How We Got from Doc Brown to Walter White - pmcpinto
http://nautil.us/issue/43/heroes/how-we-got-from-doc-brown-to-walter-white
======
usrusr
Walter White is not really about him being a scientist, but about him being a
grown-up, trained professional.

Or maybe that's just supporting the point of the article, that scientists in
fiction are not lab-coated magicians anymore, but just one of many breeds of
white collar workers. But strictly speaking, I still would think of Walter
White as a former scientist at best, because as a school teacher who clearly
does not do research. Just like being trained in computer science does not
make you a scientist, working in computer science research does.

------
aaron-lebo
The show's been around for awhile now, but there's a spoiler which takes
suspense out of a major scene in the first paragraph....

To me what most of these portrayals lack is how mundane real scientists are.
Completely brilliant in one area and boring, ignorant, and ill-informed in
others - just like anyone else.

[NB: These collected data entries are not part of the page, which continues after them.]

(* Let $c,d\in\mathbb{R}^n$ be distinct nonzero vectors with $c^Td\le0$. Set $e=c-d$, $\beta=c^Te$, and $$d_+=d-(c^Td)\Big(\frac{e}{\beta}-\frac{c}{\|c\|\sqrt{\beta}}\Big),\qquad c_+=c-(c^Tc)\Big(\frac{e}{\beta}-\frac{c}{\|c\|\sqrt{\beta}}\Big).$$ Then $\gamma[c_+,d_+]\ge\gamma[c,d]+(\gamma[c,d])^3$.
   Context: For distinct vectors $c,d\in\mathbb{R}^n$, $\gamma[c,d]=\frac{\sqrt{\|c\|^2\|d\|^2-(c^Td)^2}}{\|c-d\|^2}$ (symmetric in $c,d$). Note $\beta=\|c\|^2-c^Td>0$ under the hypotheses. *)

theory Defs
  imports "HOL-Analysis.Analysis"
begin

definition gamma :: "real^'n \<Rightarrow> real^'n \<Rightarrow> real" where
  "gamma c d = sqrt ((norm c)^2 * (norm d)^2 - (c \<bullet> d)^2) / (norm (c - d))^2"

end

theory Submission
  imports Defs
begin

(*
  The update moves c and d by multiples of one vector w, so c+ and d+ stay in the span of c
  and d: both have the same d-coefficient a/beta (a = |c|^2), and c+ - d+ = (sqrt beta / |c|) c.
  Hence |c+ - d+|^2 = beta and the Gram determinant G of (c, d) gets multiplied by a/beta, so
  gamma[c+,d+] = sqrt G sqrt(a/beta) / beta >= sqrt G a / beta^2, while gamma[c,d] = sqrt G / E
  with E = |c - d|^2 and G = a E - beta^2.  The claim then reduces to
    a/beta^2 - 1/E - G/E^3 = (E^2 - beta^2) G / (beta^2 E^3) >= 0,
  where E >= beta because beta^2 <= a E <= beta E.
*)

definition gram_det :: "'a::real_inner \<Rightarrow> 'a \<Rightarrow> real" where
  "gram_det c d = (norm c)^2 * (norm d)^2 - (c \<bullet> d)^2"

lemma gram_det_nonneg: "0 \<le> gram_det c d"
  using Cauchy_Schwarz_ineq[of c d] by (simp add: gram_det_def power2_norm_eq_inner)

lemma gram_det_lincomb:
  "gram_det (x *\<^sub>R d + y *\<^sub>R c) (x' *\<^sub>R d + y' *\<^sub>R c) = (x * y' - y * x')^2 * gram_det c d"
  unfolding gram_det_def power2_norm_eq_inner
  by (simp add: inner_add_left inner_add_right inner_commute[of d c] power2_eq_square)
     (simp add: algebra_simps)

lemma gram_det_eq_diff:
  "gram_det c d = (c \<bullet> c) * (norm (c - d))^2 - (c \<bullet> (c - d))^2"
  unfolding gram_det_def power2_norm_eq_inner
  by (simp add: inner_diff_left inner_diff_right inner_commute[of d c] algebra_simps power2_eq_square)

lemma gamma_eq_gram_det: "gamma c d = sqrt (gram_det c d) / (norm (c - d))^2"
  by (simp add: gamma_def gram_det_def)

lemma update_as_lincomb:
  fixes c d :: "'a::real_inner"
  assumes "c \<noteq> 0" and "c \<bullet> d \<le> 0"
  defines "\<beta> \<equiv> c \<bullet> (c - d)"
  defines "w \<equiv> (1 / \<beta>) *\<^sub>R (c - d) - (1 / (norm c * sqrt \<beta>)) *\<^sub>R c"
  obtains m l where "c - (c \<bullet> c) *\<^sub>R w = ((c \<bullet> c) / \<beta>) *\<^sub>R d + m *\<^sub>R c"
    and "d - (c \<bullet> d) *\<^sub>R w = ((c \<bullet> c) / \<beta>) *\<^sub>R d + l *\<^sub>R c"
    and "m - l = sqrt \<beta> / norm c"
proof
  have \<beta>_eq: "\<beta> = c \<bullet> c - c \<bullet> d" by (simp add: \<beta>_def inner_diff_right)
  have "c \<bullet> c > 0" using assms(1) by simp
  then have "\<beta> > 0" using assms(2) unfolding \<beta>_eq by linarith
  define m where "m = 1 - (c \<bullet> c) / \<beta> + (c \<bullet> c) / (norm c * sqrt \<beta>)"
  define l where "l = (c \<bullet> d) / (norm c * sqrt \<beta>) - (c \<bullet> d) / \<beta>"
  show "c - (c \<bullet> c) *\<^sub>R w = ((c \<bullet> c) / \<beta>) *\<^sub>R d + m *\<^sub>R c"
    by (simp add: w_def m_def algebra_simps)
  have "(c \<bullet> c) / \<beta> = (\<beta> + c \<bullet> d) / \<beta>" by (simp add: \<beta>_eq)
  then have d_coeff: "(c \<bullet> c) / \<beta> = 1 + (c \<bullet> d) / \<beta>"
    using \<open>\<beta> > 0\<close> by (simp add: add_divide_distrib)
  show "d - (c \<bullet> d) *\<^sub>R w = ((c \<bullet> c) / \<beta>) *\<^sub>R d + l *\<^sub>R c"
    unfolding d_coeff by (simp add: w_def l_def algebra_simps)
  have "m - l = 1 - (c \<bullet> c - c \<bullet> d) / \<beta> + (c \<bullet> c - c \<bullet> d) / (norm c * sqrt \<beta>)"
    by (simp add: m_def l_def diff_divide_distrib)
  also have "\<dots> = \<beta> / (norm c * sqrt \<beta>)"
    using \<open>\<beta> > 0\<close> unfolding \<beta>_eq[symmetric] by simp
  also have "\<dots> = sqrt \<beta> / norm c"
    using \<open>\<beta> > 0\<close> real_div_sqrt[of \<beta>] by (metis divide_divide_eq_left less_imp_le mult.commute)
  finally show "m - l = sqrt \<beta> / norm c" .
qed

lemma gamma_update:
  fixes c d :: "real^'n"
  assumes "c \<noteq> 0" and "c \<bullet> d \<le> 0"
  defines "\<beta> \<equiv> c \<bullet> (c - d)"
  defines "w \<equiv> (1 / \<beta>) *\<^sub>R (c - d) - (1 / (norm c * sqrt \<beta>)) *\<^sub>R c"
  shows "gamma (c - (c \<bullet> c) *\<^sub>R w) (d - (c \<bullet> d) *\<^sub>R w)
         = sqrt (gram_det c d) * sqrt ((c \<bullet> c) / \<beta>) / \<beta>"
proof -
  obtain m l where cp: "c - (c \<bullet> c) *\<^sub>R w = ((c \<bullet> c) / \<beta>) *\<^sub>R d + m *\<^sub>R c"
    and dp: "d - (c \<bullet> d) *\<^sub>R w = ((c \<bullet> c) / \<beta>) *\<^sub>R d + l *\<^sub>R c"
    and ml: "m - l = sqrt \<beta> / norm c"
    using update_as_lincomb[OF assms(1,2)] unfolding \<beta>_def w_def by blast
  have "c \<bullet> c > 0" using assms(1) by simp
  then have "\<beta> > 0" using assms(2) unfolding \<beta>_def inner_diff_right by linarith
  have norm_sq: "(norm c)^2 = c \<bullet> c" by (simp add: power2_norm_eq_inner)
  have ml_sq: "(m - l)^2 = \<beta> / (c \<bullet> c)"
    using \<open>\<beta> > 0\<close> by (simp add: ml power_divide norm_sq)
  have "(norm ((m - l) *\<^sub>R c))^2 = \<beta>"
    using assms(1) by (simp add: power_mult_distrib ml_sq norm_sq)
  then have dist_sq: "(norm ((c - (c \<bullet> c) *\<^sub>R w) - (d - (c \<bullet> d) *\<^sub>R w)))^2 = \<beta>"
    by (simp add: cp dp algebra_simps)
  have "gram_det (c - (c \<bullet> c) *\<^sub>R w) (d - (c \<bullet> d) *\<^sub>R w)
        = ((c \<bullet> c) / \<beta>)^2 * (m - l)^2 * gram_det c d"
    unfolding cp dp gram_det_lincomb by algebra
  also have "\<dots> = gram_det c d * ((c \<bullet> c) / \<beta>)"
    unfolding ml_sq using \<open>c \<bullet> c > 0\<close> \<open>\<beta> > 0\<close> by (simp add: power2_eq_square)
  finally show ?thesis
    unfolding gamma_eq_gram_det dist_sq by (simp only: real_sqrt_mult)
qed

lemma gamma_growth_bound:
  fixes a \<beta> E :: real
  assumes "0 < a" and "a \<le> \<beta>" and "\<beta>^2 \<le> a * E"
  defines "G \<equiv> a * E - \<beta>^2"
  shows "sqrt G / E + (sqrt G / E)^3 \<le> sqrt G * sqrt (a / \<beta>) / \<beta>"
proof -
  have "\<beta> > 0" using assms(1,2) by simp
  then have "0 < a * E" using assms(3) by (smt (verit) zero_less_power2)
  then have "E > 0" using assms(1) zero_less_mult_pos by blast
  have "G \<ge> 0" using assms(3) by (simp add: G_def)
  have "\<beta>^2 \<le> \<beta> * E"
    using assms(2,3) \<open>E > 0\<close> by (meson order_trans mult_right_mono less_imp_le)
  then have "\<beta> \<le> E" using \<open>\<beta> > 0\<close> by (simp add: power2_eq_square)
  have "a / \<beta>^2 - (1 / E + G / E^3) = (E^2 - \<beta>^2) * G / (\<beta>^2 * E^3)"
    using \<open>\<beta> > 0\<close> \<open>E > 0\<close> by (simp add: G_def field_simps) algebra
  also have "\<dots> \<ge> 0"
    using \<open>\<beta> \<le> E\<close> \<open>\<beta> > 0\<close> \<open>G \<ge> 0\<close> by (simp add: power_mono)
  finally have "1 / E + G / E^3 \<le> a / \<beta>^2" by simp
  also have "a / \<beta>^2 \<le> sqrt (a / \<beta>) / \<beta>"
  proof -
    have "a / \<beta> \<le> 1" "0 \<le> a / \<beta>" using assms(1,2) \<open>\<beta> > 0\<close> by simp_all
    then have "(a / \<beta>)^2 \<le> a / \<beta>" by (metis power2_eq_square mult_left_le)
    then have "a / \<beta> \<le> sqrt (a / \<beta>)" by (rule real_le_rsqrt)
    then show ?thesis
      using \<open>\<beta> > 0\<close> by (simp add: power2_eq_square divide_right_mono flip: divide_divide_eq_left)
  qed
  finally have "sqrt G * (1 / E + G / E^3) \<le> sqrt G * (sqrt (a / \<beta>) / \<beta>)"
    by (rule mult_left_mono) (simp add: \<open>G \<ge> 0\<close>)
  moreover have "(sqrt G)^3 = sqrt G * G"
    using \<open>G \<ge> 0\<close> by (simp add: power3_eq_cube)
  ultimately show ?thesis by (simp add: power_divide field_simps)
qed

theorem mainTheorem9:
  fixes c d :: "real^'n"
  assumes "c \<noteq> d" and "c \<noteq> 0" and "d \<noteq> 0" and "c \<bullet> d \<le> 0"
  shows "let e = c - d; \<beta> = c \<bullet> e;
             w = (1 / \<beta>) *\<^sub>R e - (1 / (norm c * sqrt \<beta>)) *\<^sub>R c;
             dp = d - (c \<bullet> d) *\<^sub>R w;
             cp = c - (c \<bullet> c) *\<^sub>R w
         in gamma cp dp \<ge> gamma c d + (gamma c d)^3"
proof -
  define \<beta> where "\<beta> = c \<bullet> (c - d)"
  have G: "gram_det c d = (c \<bullet> c) * (norm (c - d))^2 - \<beta>^2"
    by (simp add: \<beta>_def gram_det_eq_diff)
  have "0 < c \<bullet> c" "c \<bullet> c \<le> \<beta>"
    using assms(2,4) by (simp_all add: \<beta>_def inner_diff_right)
  moreover have "\<beta>^2 \<le> (c \<bullet> c) * (norm (c - d))^2"
    using gram_det_nonneg[of c d] by (simp add: G)
  ultimately have "gamma c d + (gamma c d)^3 \<le> sqrt (gram_det c d) * sqrt ((c \<bullet> c) / \<beta>) / \<beta>"
    unfolding gamma_eq_gram_det G by (rule gamma_growth_bound)
  then show ?thesis
    using gamma_update[OF assms(2,4)] by (simp add: Let_def \<beta>_def)
qed

end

Neil Degrasse Tyson (just one popular science
figure today) is as likely to have a valid opinion on politics or history as
Joe Montana - but you wouldn't think it.

There's a very real appeal to authority inherent in it, but as long as you can
appeal to a scientist - you're alright. What's slightly terrifying to me is
the worship of "science" and it being used to justify every Reddit thread,
when in reality we're training the public to worship scientism.

Doesn't _Big Bang Theory_ run on the same network as _Two Broke Girls_ after
football games? It's popularity might not have much to do with science...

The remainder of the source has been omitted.